Au Caire, nous avons rencontré des Arméniens qui y vivent depuis plusieurs générations. Les Arméniens d’Egypte sont un modèle d’intégration réussie commencée dès le moyen âge, avec, au 19ème siècle, un premier ministre Arménien, Nubar Pacha. Ils font partie intégrante de la société égyptienne. Les églises sont pleines et de nombreux clubs animent la vie communautaire. Le 6 janvier, Noël Arménien, la splendide église arménienne Saint-Grégoire l’Illuminateur, accueille une foule de fidèles mais aussi de nombreux dignitaires religieux coptes et musulmans ainsi que des représentants du gouvernement égyptien.

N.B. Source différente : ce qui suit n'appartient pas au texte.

text \<open>A prime \<open>r\<close> dividing the order of the additive group yields, by Sylow (Cauchy), a
  nonzero \<open>x\<close> with \<open>r \<cdot> x = 0\<close>; hence the characteristic divides \<open>r\<close>.\<close>
lemma prime_dvd_card_UNIV_imp_eq_CHAR:
  assumes r: "prime r" and dvd: "r dvd CARD('a)"
  shows "r = CHAR('a::{finite,field})"
proof -
  define G where "G = \<lparr>carrier = (UNIV :: 'a set), monoid.mult = (+), one = (0 :: 'a)\<rparr>"
  interpret group G
  proof (rule groupI)
    fix x assume "x \<in> carrier G"
    show "\<exists>y\<in>carrier G. y \<otimes>\<^bsub>G\<^esub> x = \<one>\<^bsub>G\<^esub>"
      by (intro bexI[of _ "-x"]) (auto simp: G_def)
  qed (auto simp: G_def add_ac)
  obtain t where "CARD('a) = r ^ 1 * t"
    using dvd by auto
  then have "Coset.order G = r ^ 1 * t"
    by (simp add: Coset.order_def G_def)
  then obtain H where H: "subgroup H G" "card H = r"
    using sylow_thm[OF r is_group, of 1 t] by (auto simp: G_def)
  have "\<not> H \<subseteq> {0}"
    using card_mono[of "{0::'a}" H] H(2) prime_gt_1_nat[OF r] by auto
  then obtain x where x: "x \<in> H" "x \<noteq> 0"
    by blast
  interpret H: group "G\<lparr>carrier := H\<rparr>"
    using subgroup.subgroup_is_group[OF H(1) is_group] .
  have pow: "x [^]\<^bsub>G\<lparr>carrier := H\<rparr>\<^esub> n = of_nat n * x" for n
    by (induction n) (simp_all add: G_def algebra_simps)
  have "x [^]\<^bsub>G\<lparr>carrier := H\<rparr>\<^esub> r = \<one>\<^bsub>G\<lparr>carrier := H\<rparr>\<^esub>"
    using H.pow_order_eq_1[of x] x(1) H(2) by (simp add: Coset.order_def)
  then have "of_nat r * x = 0"
    unfolding pow by (simp add: G_def)
  then have "of_nat r = (0 :: 'a)"
    using x(2) by simp
  then have "CHAR('a) dvd r"
    by (simp only: of_nat_eq_0_iff_char_dvd)
  then show ?thesis
    using r prime_CHAR_finite_field primes_dvd_imp_eq by blast
qed

lemma card_UNIV_eq_CHAR_power: "\<exists>k. CARD('a) = CHAR('a::{finite,field}) ^ k"
proof -
  define q where "q = CARD('a)"
  have "q \<noteq> 0"
    by (simp add: q_def finite_UNIV_card_ge_0)
  have "prime_factors q \<subseteq> {CHAR('a)}"
    using prime_dvd_card_UNIV_imp_eq_CHAR unfolding q_def by (auto simp: prime_factors_dvd)
  then have "q = (\<Prod>p\<in>{CHAR('a)}. p ^ multiplicity p q)"
    using prod_prime_factors[OF \<open>q \<noteq> 0\<close>]
    by (subst (asm) prod.mono_neutral_left[of "{CHAR('a)}"])
       (auto simp: prime_factors_multiplicity prime_CHAR_finite_field)
  then show ?thesis
    unfolding q_def by auto
qed

section \<open>Power sums over polynomials of bounded degree\<close>

definition deg_less_polys :: "nat \<Rightarrow> 'a::zero poly set" where
  "deg_less_polys i = {b. \<forall>j\<ge>i. coeff b j = 0}"

lemma mem_deg_less_polys_iff: "b \<in> deg_less_polys i \<longleftrightarrow> b = 0 \<or> degree b < i"
proof
  assume b: "b \<in> deg_less_polys i"
  show "b = 0 \<or> degree b < i"
  proof (cases "b = 0")
    case False
    then have "coeff b (degree b) \<noteq> 0"
      by simp
    with b have "\<not> i \<le> degree b"
      unfolding deg_less_polys_def by blast
    then show ?thesis
      by simp
  qed simp
qed (auto simp: deg_less_polys_def coeff_eq_0)

lemma deg_less_polys_0 [simp]: "deg_less_polys 0 = {0}"
  by (auto simp: deg_less_polys_def poly_eq_iff)

lemma deg_less_polys_Suc:
  "deg_less_polys (Suc i) = (\<lambda>(c, b). monom c i + b) ` (UNIV \<times> deg_less_polys i :: ('a::ab_group_add \<times> _) set)"
proof (intro equalityI subsetI)
  fix x :: "'a poly" assume "x \<in> deg_less_polys (Suc i)"
  then have "x - monom (coeff x i) i \<in> deg_less_polys i"
    by (auto simp: deg_less_polys_def coeff_monom)
  then show "x \<in> (\<lambda>(c, b). monom c i + b) ` (UNIV \<times> deg_less_polys i)"
    by (intro image_eqI[of _ _ "(coeff x i, x - monom (coeff x i) i)"]) auto
qed (auto simp: deg_less_polys_def coeff_monom)

lemma inj_on_deg_less_polys_Suc:
  "inj_on (\<lambda>(c, b). monom c i + b) (UNIV \<times> deg_less_polys i :: ('a::ab_group_add \<times> _) set)"
proof (rule inj_onI, clarify)
  fix c c' :: 'a and b b' assume "b \<in> deg_less_polys i" "b' \<in> deg_less_polys i"
    and eq: "monom c i + b = monom c' i + b'"
  have "coeff (monom c i + b) i = coeff (monom c' i + b') i"
    using eq by simp
  then have "c = c'"
    using \<open>b \<in> deg_less_polys i\<close> \<open>b' \<in> deg_less_polys i\<close> by (simp add: deg_less_polys_def)
  with eq show "c = c' \<and> b = b'"
    by simp
qed

lemma finite_deg_less_polys: "finite (deg_less_polys i :: ('a::{finite,ab_group_add}) poly set)"
  by (induction i) (simp_all add: deg_less_polys_Suc)

lemma card_deg_less_polys: "card (deg_less_polys i :: ('a::{finite,ab_group_add}) poly set) = CARD('a) ^ i"
proof (induction i)
  case (Suc i)
  then show ?case
    by (simp add: deg_less_polys_Suc card_image[OF inj_on_deg_less_polys_Suc] card_cartesian_product)
qed simp

lemma sum_deg_less_polys_Suc:
  "(\<Sum>b\<in>deg_less_polys (Suc i). g b) =
     (\<Sum>c\<in>UNIV. \<Sum>b\<in>deg_less_polys i. g (monom c i + (b :: ('a::{finite,ab_group_add}) poly)))"
proof -
  have "(\<Sum>b\<in>deg_less_polys (Suc i). g b) = (\<Sum>x\<in>UNIV \<times> deg_less_polys i. g ((\<lambda>(c, b). monom c i + b) x))"
    unfolding deg_less_polys_Suc by (rule sum.reindex[OF inj_on_deg_less_polys_Suc, unfolded comp_def])
  then show ?thesis
    by (simp add: sum.cartesian_product split_def)
qed

text \<open>Expand binomially in the top coefficient \<open>c\<close>: the term free of \<open>c\<close> occurs \<open>q\<close> times,
  and every other term falls under the induction hypothesis.\<close>
lemma sum_power_deg_less_polys_eq_0:
  "k < i \<Longrightarrow> (\<Sum>b\<in>deg_less_polys i. (e + b) ^ k) = (0 :: ('a::{finite,field}) poly)"
proof (induction i arbitrary: e k)
  case (Suc i)
  have binomial: "(e + (monom c i + b)) ^ k =
      (\<Sum>l\<le>k. of_nat (k choose l) * monom c i ^ l * (e + b) ^ (k - l))" for c b
    by (metis add.left_commute binomial_ring)
  have "(\<Sum>b\<in>deg_less_polys (Suc i). (e + b) ^ k)
      = (\<Sum>c\<in>UNIV. \<Sum>b\<in>deg_less_polys i. \<Sum>l\<le>k. of_nat (k choose l) * monom c i ^ l * (e + b) ^ (k - l))"
    by (simp only: sum_deg_less_polys_Suc binomial)
  also have "\<dots> = (\<Sum>l\<le>k. of_nat (k choose l) * (\<Sum>c\<in>UNIV. monom c i ^ l) * (\<Sum>b\<in>deg_less_polys i. (e + b) ^ (k - l)))"
    by (simp add: sum.swap[of _ "{..k}"] sum_distrib_left sum_distrib_right mult_ac)
  also have "\<dots> = 0"
  proof (intro sum.neutral ballI)
    fix l assume "l \<in> {..k}"
    then show "of_nat (k choose l) * (\<Sum>c\<in>UNIV. monom c i ^ l) * (\<Sum>b\<in>deg_less_polys i. (e + b) ^ (k - l)) = 0"
      using Suc by (cases "l = 0") (simp_all add: of_nat_card_UNIV_eq_0)
  qed
  finally show ?case .
qed simp

lemma monic_deg_eq_image_deg_less_polys:
  "{a :: ('a::field) poly. monic_poly a \<and> degree a = i} = (\<lambda>b. monom 1 i + b) ` deg_less_polys i"
proof (intro equalityI subsetI)
  fix a :: "'a poly" assume "a \<in> {a. monic_poly a \<and> degree a = i}"
  then have "a - monom 1 i \<in> deg_less_polys i"
    by (auto simp: monic_poly_def deg_less_polys_def coeff_monom coeff_eq_0 le_eq_less_or_eq)
  then show "a \<in> (\<lambda>b. monom 1 i + b) ` deg_less_polys i"
    by (intro image_eqI[of _ _ "a - monom 1 i"]) auto
next
  fix a :: "'a poly" assume "a \<in> (\<lambda>b. monom 1 i + b) ` deg_less_polys i"
  then obtain b where b: "b \<in> deg_less_polys i" and a: "a = monom 1 i + b"
    by auto
  then have "coeff a i = 1"
    by (simp add: deg_less_polys_def)
  moreover have "degree a = i"
  proof (rule antisym)
    show "degree a \<le> i"
      using b a by (intro degree_le) (auto simp: deg_less_polys_def coeff_monom)
    show "i \<le> degree a"
      using \<open>coeff a i = 1\<close> by (intro le_degree) simp
  qed
  ultimately show "a \<in> {a. monic_poly a \<and> degree a = i}"
    by (simp add: monic_poly_def)
qed

lemma s_sum_eq_sum_deg_less_polys:
  "s_sum i n = (\<Sum>b\<in>deg_less_polys i. (monom 1 i + b) ^ n :: ('a::{finite,field}) poly)"
  unfolding s_sum_def monic_deg_eq_image_deg_less_polys by (simp add: sum.reindex inj_on_def)

lemma s_sum_eq_0: "n < i \<Longrightarrow> s_sum i n = (0 :: ('a::{finite,field}) poly)"
  unfolding s_sum_eq_sum_deg_less_polys by (rule sum_power_deg_less_polys_eq_0)

text \<open>Splitting off the top coefficient \<open>c\<close> and scaling \<open>b\<close> by \<open>c\<close>, each \<open>c \<noteq> 0\<close> contributes
  \<open>c\<^sup>n s\<^sub>i(n) = s\<^sub>i(n)\<close>, and there are \<open>q - 1 = -1\<close> of them.\<close>
lemma power_sum_deg_less_polys_Suc:
  assumes "(CARD('a) - 1) dvd n"
  shows "(\<Sum>b\<in>deg_less_polys (Suc i). b ^ n) =
           (\<Sum>b\<in>deg_less_polys i. b ^ n) - (s_sum i n :: ('a::{finite,field}) poly)"
proof -
  have top: "(\<Sum>b\<in>deg_less_polys i. (monom c i + b) ^ n) = s_sum i n" if "c \<noteq> 0" for c :: 'a
  proof -
    have "(\<Sum>b\<in>deg_less_polys i. (monom c i + b) ^ n)
        = (\<Sum>b\<in>deg_less_polys i. (monom c i + smult c b) ^ n)"
      by (rule sum.reindex_bij_witness[of _ "smult c" "smult (inverse c)"])
         (use that in \<open>auto simp: deg_less_polys_def\<close>)
    also have "\<dots> = (\<Sum>b\<in>deg_less_polys i. (smult c (monom 1 i + b)) ^ n)"
      by (simp add: smult_add_right smult_monom)
    also have "\<dots> = (\<Sum>b\<in>deg_less_polys i. (monom 1 i + b) ^ n)"
      by (simp add: smult_power power_eq_1_if_card_UNIV_minus_1_dvd[OF that assms])
    finally show ?thesis
      by (simp add: s_sum_eq_sum_deg_less_polys)
  qed
  have "(\<Sum>b\<in>deg_less_polys (Suc i). b ^ n)
      = (\<Sum>c\<in>insert 0 (UNIV - {0}). \<Sum>b\<in>deg_less_polys i. (monom c i + b) ^ n :: 'a poly)"
    by (simp add: sum_deg_less_polys_Suc insert_UNIV)
  also have "\<dots> = (\<Sum>b\<in>deg_less_polys i. b ^ n) +
      (\<Sum>c\<in>UNIV - {0}. \<Sum>b\<in>deg_less_polys i. (monom c i + b) ^ n)"
    by (subst sum.insert) auto
  also have "\<dots> = (\<Sum>b\<in>deg_less_polys i. b ^ n) + of_nat (CARD('a) - 1) * s_sum i n"
    by (simp add: top card_Diff_singleton)
  also have "of_nat (CARD('a) - 1) = (-1 :: 'a poly)"
    using finite_UNIV_card_ge_0[where 'a='a]
    by (simp add: of_nat_diff of_nat_card_UNIV_eq_0)
  finally show ?thesis
    by simp
qed

lemma sum_s_sum_eq_0:
  assumes "(CARD('a) - 1) dvd n" and "n \<ge> 1" and "n \<le> i"
  shows "(\<Sum>j\<le>i. s_sum j n) = (0 :: ('a::{finite,field}) poly)"
proof -
  have "(\<Sum>b\<in>deg_less_polys k. b ^ n) = - (\<Sum>j<k. s_sum j n :: 'a poly)" for k
    using assms(2) by (induction k) (simp_all add: power_sum_deg_less_polys_Suc[OF assms(1)])
  moreover have "(\<Sum>b\<in>deg_less_polys (Suc i). b ^ n) = (0 :: 'a poly)"
    using sum_power_deg_less_polys_eq_0[of n "Suc i" 0] assms(3) by simp
  ultimately show ?thesis
    by (metis lessThan_Suc_atMost neg_equal_0_iff_equal)
qed

lemma coeff_B_poly:
  assumes "n \<ge> 1"
  shows "coeff (B_poly n) i =
    (if (CARD('a) - 1) dvd n then \<Sum>j\<le>i. s_sum j n else (s_sum i n :: ('a::{finite,field}) poly))"
  using assms by (auto simp: B_poly_def C_poly_def coeff_sum coeff_monom s_sum_eq_0 sum_s_sum_eq_0)

section \<open>Congruences modulo an irreducible polynomial\<close>

text \<open>Multiplication by \<open>a\<close> permutes the \<open>q\<^sup>d - 1\<close> nonzero residues of degree \<open>< d\<close>.\<close>
lemma power_card_degree_minus_1_cong_1:
  fixes m a :: "'a::{finite,field} poly"
  assumes irr: "irreducible m" and a: "\<not> m dvd a"
  shows "[a ^ (CARD('a) ^ degree m - 1) = 1] (mod m)"
proof -
  have prime: "prime_elem m"
    using irr by (rule field_poly_irreducible_imp_prime)
  have "m \<noteq> 0"
    using irr by auto
  have dvd_mult_a: "m dvd a * b \<longleftrightarrow> m dvd b" for b
    using prime_elem_dvd_mult_iff[OF prime] a by blast
  define R where "R = deg_less_polys (degree m) - {0 :: 'a poly}"
  have "finite R"
    by (simp add: R_def finite_deg_less_polys)
  have card_R: "card R = CARD('a) ^ degree m - 1"
    by (simp add: R_def card_deg_less_polys card_Diff_singleton mem_deg_less_polys_iff)
  have R_iff: "b \<in> R \<longleftrightarrow> b \<noteq> 0 \<and> degree b < degree m" for b
    by (auto simp: R_def mem_deg_less_polys_iff)
  have cong_R: "[x = y] (mod m) \<longleftrightarrow> x = y" if "x \<in> R" "y \<in> R" for x y
    using that by (simp add: cong_def R_iff mod_poly_less)
  have not_dvd_R: "\<not> m dvd b" if "b \<in> R" for b
    using that dvd_imp_degree_le[of m b] by (auto simp: R_iff)
  have maps_to: "a * b mod m \<in> R" if "b \<in> R" for b
  proof -
    have "a * b mod m \<noteq> 0"
      using not_dvd_R[OF that] by (simp add: mod_eq_0_iff_dvd dvd_mult_a)
    moreover from this have "degree (a * b mod m) < degree m"
      by (rule degree_mod_less'[OF \<open>m \<noteq> 0\<close>])
    ultimately show ?thesis
      by (simp add: R_iff)
  qed
  have "inj_on (\<lambda>b. a * b mod m) R"
  proof (rule inj_onI)
    fix x y assume "x \<in> R" "y \<in> R" "a * x mod m = a * y mod m"
    then have "m dvd a * (x - y)"
      by (simp add: cong_def [symmetric] cong_iff_dvd_diff right_diff_distrib)
    then have "[x = y] (mod m)"
      by (simp add: dvd_mult_a cong_iff_dvd_diff)
    then show "x = y"
      using cong_R[OF \<open>x \<in> R\<close> \<open>y \<in> R\<close>] by blast
  qed
  then have permutes: "(\<lambda>b. a * b mod m) ` R = R"
    by (rule endo_inj_surj[OF \<open>finite R\<close>, rotated]) (use maps_to in blast)
  have "[(\<Prod>b\<in>R. a * b) = (\<Prod>b\<in>R. a * b mod m)] (mod m)"
    by (rule cong_prod) simp
  also have "(\<Prod>b\<in>R. a * b mod m) = \<Prod>R"
    using prod.reindex[OF \<open>inj_on _ R\<close>, of id] permutes by simp
  finally have "m dvd (a ^ card R - 1) * \<Prod>R"
    by (simp add: prod.distrib cong_iff_dvd_diff left_diff_distrib)
  moreover have "\<not> m dvd \<Prod>R"
  proof
    assume "m dvd \<Prod>R"
    then obtain b where "b \<in># image_mset id (mset_set R)" "m dvd b"
      by (auto simp: prod_unfold_prod_mset elim: prime_elem_dvd_prod_msetE[OF prime])
    then show False
      using not_dvd_R \<open>finite R\<close> by auto
  qed
  ultimately show ?thesis
    using prime_elem_dvd_mult_iff[OF prime] card_R by (simp add: cong_iff_dvd_diff)
qed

Le Caire est une ville qu’on commence par détester avant d’en tomber sous le charme. Polluée, peuplée, bouillonnante, multiple, laide et splendide, avec des couchers de soleil somptueux qui rappellent que les mers de sable ne sont pas très loin: un paradis pour les photographes. On s’est payé le privilège de se perdre dans la Cité des Morts au crépuscule. Un joyau de l’Art Islamique, un lieu où les morts sont y plus nombreux que les vivants. Un havre de tranquillité dans cette ville tumultueuse et bruyante. Les tombeaux rivalisent de fascinante beauté, avec des portes de caractère, toutes uniques, des inscriptions en arabe, des volutes, des arabesques. Les murs lézardés, le dédale de rues envahies par l’herbe folle et parcourues par de rares passants rajoutent au charme mystérieux de cet endroit extraordinaire. Voici donc en quelques mots le récit de retrouvailles avec un pays envoutant.